Он вышел в спальню, даже не взглянув на жену. Лариса осталась одна. Она сидела на холодном полу, привалившись спиной к тёплому боку печи, и смотрела, как вода в кастрюле закипает, бурлит и выплёскивается на раскалённую плиту, шипя и испаряясь, словно её собственная жизнь.
Следующий день выдался знойным, душным. Солнце висело над Заозёрьем, как раскалённый медный таз. Гордей нарочно подгадал время, чтобы встретить брата у дальнего пруда, где они когда-то мальчишками ловили карасей. Мирон был на два года младше, но природа распорядилась иначе: он был выше ростом, шире в плечах, с какой-то врождённой, спокойной грацией, которой так не хватало коренастому, жилистому Гордею. Лицом братья были схожи — тот же разлёт бровей, тот же упрямый подбородок, — но глаза у Мирона были не голубые, как у брата, а странного, бутылочно-зелёного цвета, доставшиеся от покойной матери-польки.
— Лариска-то как? — спросил Мирон, поправляя на плече связку верёвок. Он работал на том же лесоповале, но жил на другом конце деревни, у старой мельницы.
— Плачет, — коротко ответил Гордей, закуривая прямо на ходу.
— Из-за чего?
— Из-за того же. Детей нет.
Мирон шумно вздохнул, сорвал травинку, сунул в зубы.
— Тяжко, Гордей. Может, правда, в область съездить? К профессору какому? Говорят, там чудеса делают.
— Ездили. Здоровы, говорят. Как огурчики. А детей нет.
— Ну, значит, судьба, — философски заметил Мирон. — Не всем дано. Ты бы не терзал бабу-то. Она у тебя и так тень ходячая.
— Судьба, — хмыкнул Гордей и резко остановился. — Сядь-ка, брат. Разговор есть.
Они сели на старый, замшелый пень у самой кромки воды. Вода в пруду была тёмной, почти чёрной, в ней отражались верхушки ракит. Цикады трещали не переставая.
— Ты чего хмурый такой? — Мирон смотрел на брата с тревогой. — Случилось чего? С Ларисой беда?
— Случилось, — Гордей швырнул окурок в воду. — Только беда эта длится уже девять лет. Я к тебе за помощью пришёл, Мирон. За самой последней.
— Денег надо? Так ты скажи, сколько. У меня есть немного, на мотоцикл копил, да бог с ним, с мотоциклом.
— Не деньгами, — Гордей посмотрел брату прямо в глаза. — Есть старый обычай, Мирон. О нём вслух не говорят, но все знают. Если муж не может понести семя, он просит брата своего, кровь от крови. Чтоб тот помог.

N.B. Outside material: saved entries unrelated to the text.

lemma star_forest_if_hat_independent:
  assumes "S \<subseteq> hat_V n E" "\<forall>x\<in>S. \<forall>y\<in>S. \<not> hat_adj E x y"
  shows "star_forest {1..n} S"
proof -
  have V: "1 \<le> i \<and> i < j \<and> j \<le> n" if "(i, j) \<in> S" for i j
    using assms(1) that by (auto simp: hat_V_def)
  show ?thesis unfolding star_forest_def
  proof (intro conjI allI impI subsetI)
    show "x \<in> {(i, j). i \<in> {1..n} \<and> j \<in> {1..n} \<and> i < j}" if "x \<in> S" for x
      using V that by (cases x) force
    show "j = l" if "(i, j) \<in> S" "(i, l) \<in> S" for i j l
      using hat_adj_same_head assms(2) that by blast
    show "(j, l) \<notin> S" if "(i, j) \<in> S" for i j l
      using hat_adj_consecutive[of i j l] V[of i j] V[of j l] assms(2) that by fastforce
  qed
qed

lemma not_hat_cond_hat_of_partition:
  assumes "finite A" "partition_on A P" "\<forall>B\<in>P. \<forall>a\<in>B. \<forall>b\<in>B. a \<noteq> b \<longrightarrow> E a b"
    and "x \<in> hat_of_partition P" "y \<in> hat_of_partition P" "x \<noteq> y"
  shows "\<not> hat_cond E x y"
proof -
  note block_eq = partition_on_block_eq[OF assms(2)]
  note Max_mem_iff = partition_on_Max_mem_iff[OF assms(1,2)]
  obtain B i C k where B: "B \<in> P" "i \<in> B" "i \<noteq> Max B" "x = (i, Max B)"
    and C: "C \<in> P" "k \<in> C" "k \<noteq> Max C" "y = (k, Max C)"
    using assms(4,5) by (force simp: hat_of_partition_def)
  have "i \<noteq> k" using block_eq B C assms(6) by blast
  moreover have "Max B \<noteq> k" using Max_mem_iff B C by blast
  moreover have "E i k" if "Max B = Max C"
    using that B C \<open>i \<noteq> k\<close> assms(3) inj_on_Max_partition_on[OF assms(1,2)]
    by (metis inj_on_eq_iff)
  ultimately show ?thesis using B(4) C(4) by (auto simp: hat_cond_def)
qed

lemma hat_independent_iff_clique_partition:
  assumes "symp E" "partition_on {1..n} P"
  shows "hat_of_partition P \<subseteq> hat_V n E \<and>
           (\<forall>x\<in>hat_of_partition P. \<forall>y\<in>hat_of_partition P. \<not> hat_adj E x y)
         \<longleftrightarrow> (\<forall>B\<in>P. \<forall>a\<in>B. \<forall>b\<in>B. a \<noteq> b \<longrightarrow> E a b)"
proof
  assume hat: "hat_of_partition P \<subseteq> hat_V n E \<and>
           (\<forall>x\<in>hat_of_partition P. \<forall>y\<in>hat_of_partition P. \<not> hat_adj E x y)"
  have edge_to_Max: "E a (Max B)" if "B \<in> P" "a \<in> B" "a \<noteq> Max B" for a B
  proof -
    have "(a, Max B) \<in> hat_of_partition P" using that by (auto simp: mem_hat_of_partition)
    then have "(a, Max B) \<in> hat_V n E" using hat by blast
    then show ?thesis by (simp add: hat_V_def)
  qed
  show "\<forall>B\<in>P. \<forall>a\<in>B. \<forall>b\<in>B. a \<noteq> b \<longrightarrow> E a b"
  proof (intro ballI impI)
    fix B a b assume "B \<in> P" "a \<in> B" "b \<in> B" "a \<noteq> b"
    consider "a = Max B" | "b = Max B" | "a \<noteq> Max B" "b \<noteq> Max B" by blast
    then show "E a b"
    proof cases
      case 1
      then show ?thesis using edge_to_Max[of B b] \<open>B \<in> P\<close> \<open>b \<in> B\<close> \<open>a \<noteq> b\<close> assms(1)
        by (metis sympD)
    next
      case 2
      then show ?thesis using edge_to_Max \<open>B \<in> P\<close> \<open>a \<in> B\<close> \<open>a \<noteq> b\<close> by blast
    next
      case 3
      then have "(a, Max B) \<in> hat_of_partition P" "(b, Max B) \<in> hat_of_partition P"
        using \<open>B \<in> P\<close> \<open>a \<in> B\<close> \<open>b \<in> B\<close> by (auto simp: mem_hat_of_partition)
      then show ?thesis using hat hat_adj_same_tail \<open>a \<noteq> b\<close> by blast
    qed
  qed
next
  assume cliques: "\<forall>B\<in>P. \<forall>a\<in>B. \<forall>b\<in>B. a \<noteq> b \<longrightarrow> E a b"
  have "hat_of_partition P \<subseteq> hat_V n E"
  proof
    fix x assume x: "x \<in> hat_of_partition P"
    then obtain B i where B: "B \<in> P" "i \<in> B" "i \<noteq> Max B" "x = (i, Max B)"
      by (force simp: hat_of_partition_def)
    have "1 \<le> i \<and> i < Max B \<and> Max B \<le> n"
      using star_forest_hat_of_partition[OF finite_atLeastAtMost assms(2)] x B(4) by (auto simp: star_forest_def)
    moreover have "E i (Max B)"
      using cliques partition_on_block_Max(1)[OF finite_atLeastAtMost assms(2) B(1)] B by auto
    ultimately show "x \<in> hat_V n E" using B(4) by (simp add: hat_V_def)
  qed
  moreover have "\<not> hat_adj E x y" if "x \<in> hat_of_partition P" "y \<in> hat_of_partition P" for x y
    using not_hat_cond_hat_of_partition[OF finite_atLeastAtMost assms(2) cliques, of x y]
      not_hat_cond_hat_of_partition[OF finite_atLeastAtMost assms(2) cliques, of y x] that
    unfolding hat_adj_def by auto
  ultimately show "hat_of_partition P \<subseteq> hat_V n E \<and>
           (\<forall>x\<in>hat_of_partition P. \<forall>y\<in>hat_of_partition P. \<not> hat_adj E x y)" by blast
qed

lemma bij_betw_clique_partitions_hat_indep_sets:
  assumes "symp E" "m \<le> n"
  shows "bij_betw hat_of_partition (clique_partitions n E (n - m))
           (indep_sets (hat_V n E) (hat_adj E) m)"
proof (rule bij_betw_byWitness[where f' = "partition_of_hat {1..n}"])
  show "\<forall>P\<in>clique_partitions n E (n - m). partition_of_hat {1..n} (hat_of_partition P) = P"
    using partition_of_hat_of_partition[OF finite_atLeastAtMost]
    by (auto simp: clique_partitions_def)
  show "\<forall>S\<in>indep_sets (hat_V n E) (hat_adj E) m. hat_of_partition (partition_of_hat {1..n} S) = S"
    using hat_of_partition_of_hat[OF finite_atLeastAtMost star_forest_if_hat_independent]
    by (auto simp: indep_sets_def)
  show "hat_of_partition ` clique_partitions n E (n - m) \<subseteq> indep_sets (hat_V n E) (hat_adj E) m"
  proof
    fix S assume "S \<in> hat_of_partition ` clique_partitions n E (n - m)"
    then obtain P where P: "partition_on {1..n} P" "card P = n - m"
      "\<forall>B\<in>P. \<forall>a\<in>B. \<forall>b\<in>B. a \<noteq> b \<longrightarrow> E a b" "S = hat_of_partition P"
      by (auto simp: clique_partitions_def)
    have "card S = m"
      using card_hat_of_partition[OF finite_atLeastAtMost P(1)] P(2,4) assms(2) by simp
    then show "S \<in> indep_sets (hat_V n E) (hat_adj E) m"
      using hat_independent_iff_clique_partition[OF assms(1) P(1)] P(3,4)
      by (simp add: indep_sets_def)
  qed
  show "partition_of_hat {1..n} ` indep_sets (hat_V n E) (hat_adj E) m \<subseteq> clique_partitions n E (n - m)"
  proof
    fix P assume "P \<in> partition_of_hat {1..n} ` indep_sets (hat_V n E) (hat_adj E) m"
    then obtain S where S: "S \<subseteq> hat_V n E" "\<forall>x\<in>S. \<forall>y\<in>S. \<not> hat_adj E x y" "card S = m"
      "P = partition_of_hat {1..n} S"
      by (auto simp: indep_sets_def)
    have forest: "star_forest {1..n} S" using star_forest_if_hat_independent[OF S(1,2)] .
    have P_part: "partition_on {1..n} P"
      using partition_on_partition_of_hat[OF forest] S(4) by simp
    have S_eq: "hat_of_partition P = S"
      using hat_of_partition_of_hat[OF finite_atLeastAtMost forest] S(4) by simp
    have "card P = n - m"
      using card_hat_of_partition[OF finite_atLeastAtMost P_part] S_eq S(3) by simp
    then show "P \<in> clique_partitions n E (n - m)"
      using hat_independent_iff_clique_partition[OF assms(1) P_part] P_part S_eq S(1,2)
      by (simp add: clique_partitions_def)
  qed
qed

lemma hat_indep_sets_eq_empty:
  assumes "1 \<le> n" "n \<le> m"
  shows "indep_sets (hat_V n E) (hat_adj E) m = {}"
proof -
  have "card S < n" if "S \<subseteq> hat_V n E" "\<forall>x\<in>S. \<forall>y\<in>S. \<not> hat_adj E x y" for S
  proof -
    have forest: "star_forest {1..n} S" using star_forest_if_hat_independent[OF that] .
    define P where "P = partition_of_hat {1..n} S"
    have P_part: "partition_on {1..n} P"
      unfolding P_def by (rule partition_on_partition_of_hat[OF forest])
    have "card S + card P = n"
      using card_hat_of_partition[OF finite_atLeastAtMost P_part]
        hat_of_partition_of_hat[OF finite_atLeastAtMost forest] by (simp add: P_def)
    moreover have "P \<noteq> {}" using partition_onD1[OF P_part] assms(1) by auto
    then have "card P \<noteq> 0" using finite_elements[OF finite_atLeastAtMost P_part] by simp
    ultimately show ?thesis by linarith
  qed
  then show ?thesis using assms(2) by (fastforce simp: indep_sets_def)
qed

lemma coeff_h_star:
  "coeff (h_star n E) m = (if m < n then (-1) ^ m * int (a_coeff n E (n - m)) else 0)"
  by (simp add: h_star_def coeff_sum coeff_monom sum.delta)

lemma coeff_indep_poly:
  assumes "finite V"
  shows "coeff (indep_poly V A) m = (-1) ^ m * int (card (indep_sets V A m))"
proof -
  have "indep_sets V A m = {}" if "card V < m"
    using that card_mono[OF assms] by (fastforce simp: indep_sets_def)
  then show ?thesis by (auto simp: indep_poly_def coeff_sum coeff_monom sum.delta)
qed

lemma finite_hat_V: "finite (hat_V n E)"
  by (rule finite_subset[of _ "{1..n} \<times> {1..n}"]) (auto simp: hat_V_def)

theorem h_star_eq_indep_poly_hat:
  assumes "symp E" "1 \<le> n"
  shows "h_star n E = indep_poly (hat_V n E) (hat_adj E)"
proof (rule poly_eqI)
  fix m
  show "coeff (h_star n E) m = coeff (indep_poly (hat_V n E) (hat_adj E)) m"
  proof (cases "m < n")
    case True
    then show ?thesis
      using bij_betw_same_card[OF bij_betw_clique_partitions_hat_indep_sets[OF assms(1), of m n]]
      by (simp add: coeff_h_star coeff_indep_poly[OF finite_hat_V] a_coeff_def)
  next
    case False
    then show ?thesis
      by (simp add: coeff_h_star coeff_indep_poly[OF finite_hat_V] hat_indep_sets_eq_empty[OF assms(2)])
  qed
qed

lemma hat_V_del_edge_subset: "hat_V n (del_edge E a b) \<subseteq> hat_V n E"
  by (auto simp: hat_V_def del_edge_def)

Сначала Мирон не понял. Он смотрел на Гордея, ожидая, что тот рассмеётся, скажет, что пошутил. Но шутки не последовало. И тогда смысл сказанного начал медленно доходить до него, словно вода сквозь плотную ткань. Кровь бросилась ему в лицо.
— Ты чего? — он вскочил. — Ты серьёзно сейчас, Гордей?
— Серьёзней некуда.
— Ты пьян? С утра? Ты с ума сошёл, брат. Это… это невозможно.
— Я трезв как стёклышко, — голос Гордея был спокоен и холоден. — И никогда ещё так ясно не мыслил. Ты представь: сын. Наш сын. В нём будет наша общая кровь. Фамилия Белозёровых не умрёт.
— Ты предлагаешь мне… с Ларисой? — Мирон произнёс это шёпотом, словно боялся, что сам воздух услышит. — Ты понимаешь, о чём просишь?
— Понимаю. Но по-другому — никак. Врачи бессильны. Остаётся только это. Ты — мужик здоровый, вон, двое своих пацанов бегают. Порода наша. Сильная. У тебя получится, я знаю.
— А Лариса? — Мирон чувствовал, как земля уходит у него из-под ног. — Она-то согласна?
— Будет согласна. Она баба покорная. Сделает, как я велю, — в голосе Гордея прозвучала сталь.
Мирон вскочил, прошёлся туда-сюда по берегу, спугнув стайку стрекоз. Остановился, зачерпнул пригоршню воды, плеснул в разгорячённое лицо.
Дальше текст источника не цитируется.